20. Convergence of Positive Series
b.1. The Integral Test
a. Proof
If \(a_n=f(n)\) where \(f(x)\) is a continuous, positive, decreasing function on \([n_o,\infty)\), then \(\displaystyle \sum_{n=n_o}^\infty a_n\) is convergent if and only if \(\displaystyle \int_{n_o}^\infty f(x)\,dx\) is convergent.
To be concrete, let \(n_o=1\), and assume \(f(x)\) is a continuous, positive, decreasing function on \([1,\infty)\). The graph of \(f(x)\) is shown at the right. The area under the curve is given by the integral \(\displaystyle \int_1^\infty f(x)\,dx\). Now let \(a_n=f(n)\). The series \(\displaystyle \sum_{n=1}^\infty a_n\) can also be regarded as an area, but in two ways. The term \(a_n\) may be regarded as the area of a rectangle whose height is \(a_n\) and whose width is \(1\). This rectangle may be positioned to the left or right of \(x=n\) resulting in the next two graphs. The series \(\displaystyle \sum_{n=1}^\infty a_n\) measures the total area of the red rectangles in either plot.
This figure shows \[ \sum_{n=2}^\infty a_n < \int_1^\infty f(x)\,dx \] Notice that we have dropped the first term of the series (with \(n=1\)) since the first red rectangle is not under the blue curve. Consequently, if \(\displaystyle \int_1^\infty f(x)\,dx\) is convergent (i.e. finite), then \(\displaystyle \sum_{n=2}^\infty a_n\) is also convergent. However, this is a tail of the original series.
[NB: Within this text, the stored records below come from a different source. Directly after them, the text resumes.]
lemma acyclic_realizable:
  assumes og: "ordered_graph V E"
  shows "finite K \<Longrightarrow> K \<subseteq> {..<length E} \<Longrightarrow> \<forall>K'\<subseteq>K. \<not> cycle_supported (uedge E ` K') \<Longrightarrow>
    differences_realizable E K"
proof (induction K rule: finite_induct)
  case empty
  then show ?case using realizable_empty by blast
next
  case (insert k K)
  have r: "differences_realizable E K" using insert by auto
  let ?reach = "(edge_adjacent E K)\<^sup>*\<^sup>* (snd (E!k))"
  have "\<not> ?reach (fst (E!k))"
    using connected_endpoints_cycle[OF og _ insert(2)] insert(4,5) by auto
  moreover have "?reach (fst (E!k')) \<longleftrightarrow> ?reach (snd (E!k'))" if "k' \<in> K" for k'
  proof -
    have "edge_adjacent E K (fst (E!k')) (snd (E!k'))" "edge_adjacent E K (snd (E!k')) (fst (E!k'))"
      using that unfolding edge_adjacent_def uedge_def by auto
    then show ?thesis
      using rtranclp.rtrancl_into_rtrancl[of "edge_adjacent E K" "snd (E!k)"] by blast
  qed
  ultimately show ?case
    using realizable_insert_separated[OF r, of k "- Collect ?reach"] by simp
qed

section \<open>Cycles are the circuits\<close>

lemma cycle_supported_iff_coords_circuit:
  assumes og: "ordered_graph V E" and K: "K \<subseteq> {..<length E}"
  shows "cycle_supported (uedge E ` K) \<longleftrightarrow> coords_circuit (M1 V E) (length E) K"
proof
  assume cs: "cycle_supported (uedge E ` K)"
  show "coords_circuit (M1 V E) (length E) K" unfolding coords_circuit_def
    using cycle_coords_dependent[OF og K cs] realizable_proper_subset_of_cycle[OF og K cs]
      realizable_not_coords_dependent[OF og] K by blast
next
  assume circ: "coords_circuit (M1 V E) (length E) K"
  have "finite K" using K finite_subset by blast
  then obtain K' where K': "K' \<subseteq> K" "cycle_supported (uedge E ` K')"
    using acyclic_realizable[OF og _ K] realizable_not_coords_dependent[OF og K] circ
    unfolding coords_circuit_def by blast
  then have "K' = K"
    using cycle_coords_dependent[OF og _ K'(2)] K circ unfolding coords_circuit_def by blast
  then show "cycle_supported (uedge E ` K)" using K' by simp
qed

theorem mainTheorem14:
  fixes VG :: "'a set" and EG :: "('a \<times> 'a) list"
    and VH :: "'b set" and EH :: "('b \<times> 'b) list" and m :: nat
  assumes "ordered_graph VG EG" and "ordered_graph VH EH"
    and "length EG = m" and "length EH = m"
    and "M1 VG EG = M1 VH EH"
  shows "index_cycle_iso EG EH"
  unfolding index_cycle_iso_def
proof (intro conjI allI impI)
  show "length EG = length EH" using assms by simp
next
  fix K assume K: "K \<subseteq> {..<length EG}"
  then have "K \<subseteq> {..<length EH}" using assms by simp
  then show "cycle_supported (uedge EG ` K) = cycle_supported (uedge EH ` K)"
    using cycle_supported_iff_coords_circuit[OF assms(1) K]
      cycle_supported_iff_coords_circuit[OF assms(2)]
      assms(3-5) by simp
qed

end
So, the series \(\displaystyle \sum_{n=1}^\infty a_n\) also converges.
This figure shows \[ \int_1^\infty f(x)\,dx \lt \sum_{n=1}^\infty a_n \] Consequently, if \(\displaystyle \int_1^\infty f(x)\,dx\) is divergent (i.e. infinite), then \(\displaystyle \sum_{n=1}^\infty a_n\) is also divergent.